El poder ineludible del destino se manifiesta, al menos, en dos relatos. En Ritos de iniciación, el encuentro casual del protagonista con una prostituta despejará una incógnita capital de su existencia, provocando a la vez una transgresión involuntaria que anda lejos de generarle sentimiento de culpa alguno. Sin embargo, al final de la vida, se impondrá el relato como expiación. En ¿Puedo ir a lavarme las manos?, agónica confesión de un asesinato, el elemento fantástico se reduce a ese vaticinio inicial anunciado ya en la primera página, y que no dejará de cumplirse. Parece que el destino de los oráculos es el de ser casi siempre malinterpretados, ya sea por desconfianza, falta de imaginación o exceso de literalidad. No nos sorprenda, pues, que nadie creyera a Casandra, ni nos extrañe tampoco que Creso ― según nos cuenta Heródoto― malinterpretara todos los oráculos que le llegaban de Delfos. ¿Qué quedaría del fatum si los oráculos se entendieran fácilmente?
Tan fantástico como creer posible la pérdida de la sombra, o de la imagen reflejada en un espejo, es sospechar que la fotografía (o la pintura; recordemos El retrato oval, de Poe) nos puede arrebatar el alma o la vida. El primero de los relatos donde se aborda esa fantástica eventualidad es Polaroid, una inquietante historia con final abierto que podría inspirar un corto del más genuino terror. Desarrollada en un entorno familiar, son los hijos quienes observan espantados los juegos de su padre con el artefacto criminal.
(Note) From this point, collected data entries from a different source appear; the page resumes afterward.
definition bdcv_accept :: "(real^'n) set \<Rightarrow> (real^'n \<Rightarrow> real) \<Rightarrow> (real^'n \<Rightarrow> real^'n)
    \<Rightarrow> (real^'n \<Rightarrow> ereal) \<Rightarrow> (real^'n \<Rightarrow> ereal) \<Rightarrow> (real^'n \<Rightarrow> real^'n) \<Rightarrow> real^'n^'m \<Rightarrow> real^'m
    \<Rightarrow> real \<Rightarrow> ('n, 'm) bdcv_state \<Rightarrow> real \<Rightarrow> bool" where
  "bdcv_accept Dp \<phi> g\<phi> f h gh A b \<delta> s \<theta> = (case s of (x, z, zp, \<tau>p, \<sigma>p) \<Rightarrow>
     (case bdcv_next Dp \<phi> g\<phi> f gh A b s \<theta> of (xn, zn, _, \<tau>, \<sigma>) \<Rightarrow>
       let zb = bdcv_zbar s \<theta> in
       (zn - zb) \<bullet> (A *v (xn - x)) + real_of_ereal (h xn) - real_of_ereal (h x) - gh x \<bullet> (xn - x)
         \<le> \<delta>\<^sup>2 / \<tau> * bdist \<phi> g\<phi> xn x + 1 / (2 * \<sigma>) * (norm (zb - zn))\<^sup>2))"

fun bdcv_run :: "(real^'n) set \<Rightarrow> (real^'n \<Rightarrow> real) \<Rightarrow> (real^'n \<Rightarrow> real^'n)
    \<Rightarrow> (real^'n \<Rightarrow> ereal) \<Rightarrow> (real^'n \<Rightarrow> ereal) \<Rightarrow> (real^'n \<Rightarrow> real^'n) \<Rightarrow> real^'n^'m \<Rightarrow> real^'m
    \<Rightarrow> real \<Rightarrow> real^'n \<Rightarrow> real^'m \<Rightarrow> real \<Rightarrow> real \<Rightarrow> (nat \<Rightarrow> real) \<Rightarrow> nat \<Rightarrow> ('n, 'm) bdcv_state" where
  "bdcv_run Dp \<phi> g\<phi> f h gh A b \<delta> x0 z0 \<tau>m1 \<sigma>m1 \<theta>bar 0 = (x0, z0, z0, \<tau>m1, \<sigma>m1)"
| "bdcv_run Dp \<phi> g\<phi> f h gh A b \<delta> x0 z0 \<tau>m1 \<sigma>m1 \<theta>bar (Suc k) =
     (let s = bdcv_run Dp \<phi> g\<phi> f h gh A b \<delta> x0 z0 \<tau>m1 \<sigma>m1 \<theta>bar k;
          i = (LEAST i. bdcv_accept Dp \<phi> g\<phi> f h gh A b \<delta> s (\<theta>bar k / 2 ^ i))
      in bdcv_next Dp \<phi> g\<phi> f gh A b s (\<theta>bar k / 2 ^ i))"

end

theory Submission
  imports Defs
begin

text \<open>If the trial primal step \<open>\<tau>\<close> satisfies \<open>\<beta>\<parallel>A\<parallel>\<^sup>2\<tau>\<^sup>2 + L\<tau> \<le> \<delta>\<^sup>2\<close>, the acceptance test holds
  automatically: by Cauchy--Schwarz and the definition of \<open>\<parallel>A\<parallel>\<close> the coupling term is at most
  \<open>\<parallel>z\<^sup>+ - z\<^sub>e\<parallel> \<parallel>A\<parallel> \<parallel>x\<^sup>+ - x\<parallel>\<^sub>p\<close>, where \<open>z\<^sub>e\<close> is the extrapolated dual point; Young's inequality
  with weight \<open>\<sigma> = \<beta>\<tau>\<close> splits this into \<open>\<parallel>z\<^sub>e - z\<^sup>+\<parallel>\<^sup>2/(2\<sigma>)\<close> plus \<open>\<sigma>\<parallel>A\<parallel>\<^sup>2\<parallel>x\<^sup>+ - x\<parallel>\<^sub>p\<^sup>2/2 \<le> \<sigma>\<parallel>A\<parallel>\<^sup>2 d\<^sub>p(x\<^sup>+,x)\<close> (strong convexity of the
  kernel), and the \<open>h\<close>-terms are at most \<open>L d\<^sub>p(x\<^sup>+,x)\<close> (relative smoothness). This condition holds
  for every \<open>\<tau>\<close> below the positive root \<open>t\<^sup>*\<close> of \<open>\<beta>\<parallel>A\<parallel>\<^sup>2t\<^sup>2 + Lt = \<delta>\<^sup>2\<close>. Hence halving the trial step
  stops, and either no halving occurred (\<open>\<tau>\<^sub>k \<ge> \<tau>\<^sub>k\<^sub>-\<^sub>1\<close>) or the last rejected trial exceeded \<open>t\<^sup>*\<close>,
  so that \<open>\<tau>\<^sub>k > t\<^sup>*/2\<close>. As \<open>\<sigma>\<^sub>k/\<tau>\<^sub>k = \<beta>\<close> throughout, induction gives \<open>\<tau>\<^sub>k \<ge> min \<tau>\<^sub>-\<^sub>1 (t\<^sup>*/2)\<close>.\<close>

lemma is_norm_zero: "is_norm np \<Longrightarrow> np 0 = 0"
  unfolding is_norm_def by blast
Una vuelta de tuerca que se extiende a La verdadera vida, donde una madre oficia cada noche, bajo la espantada mirada de su hijo (la espía a escondidas), una desquiciada ceremonia que tiene como campo de maniobras un viejo álbum de fotografías. Este cuento, La verdadera vida, es un buen ejemplo de la habilidad de su autor, Fernando Villamía, para generar una intriga y desazón crecientes a partir de unos pocos elementos extraídos de lo cotidiano. En una línea similar figuran también otros dos interesantes relatos, El revés de la foto y Dormir con la luz encendida; este último, con algunas gotas de thriller pasional añadidas.
La malsana seducción de las imágenes se traslada de la fotografía a la pintura en El síndrome Kandinsky, un convincente relato, lleno de sugerencias y abierto a diferentes lecturas. En la fobia del protagonista a la famosa Composition VIII de Kandinsky parece esconderse (más allá del condicionamiento conductista que la ha originado) la premonición de un desenlace funesto. Esa inesperada aparición final de la temida pintura es como la bestia emboscada del relato de James, que se abalanza inesperadamente sobre el indeciso protagonista en el último minuto, revelándole la magnitud de lo ya irremediablemente perdido. Tratado de la impostura es otro estupendo relato, perfectamente construido, con una dosificación inteligente de la intriga y una resolución convincente y cargada de significado. Una misteriosa carta devuelta, que su remitente asegura no haber escrito, tenderá un puente entre dos humanidades carentes de una vivencia esencial. La casualidad y la mentira bienintencionada se combinan así para torcer un pasado cuya veracidad no le importa ya a nadie. La imaginación triunfa sobre la fría realidad, permitiéndonos instalarnos en el feliz refugio que tanto necesitamos.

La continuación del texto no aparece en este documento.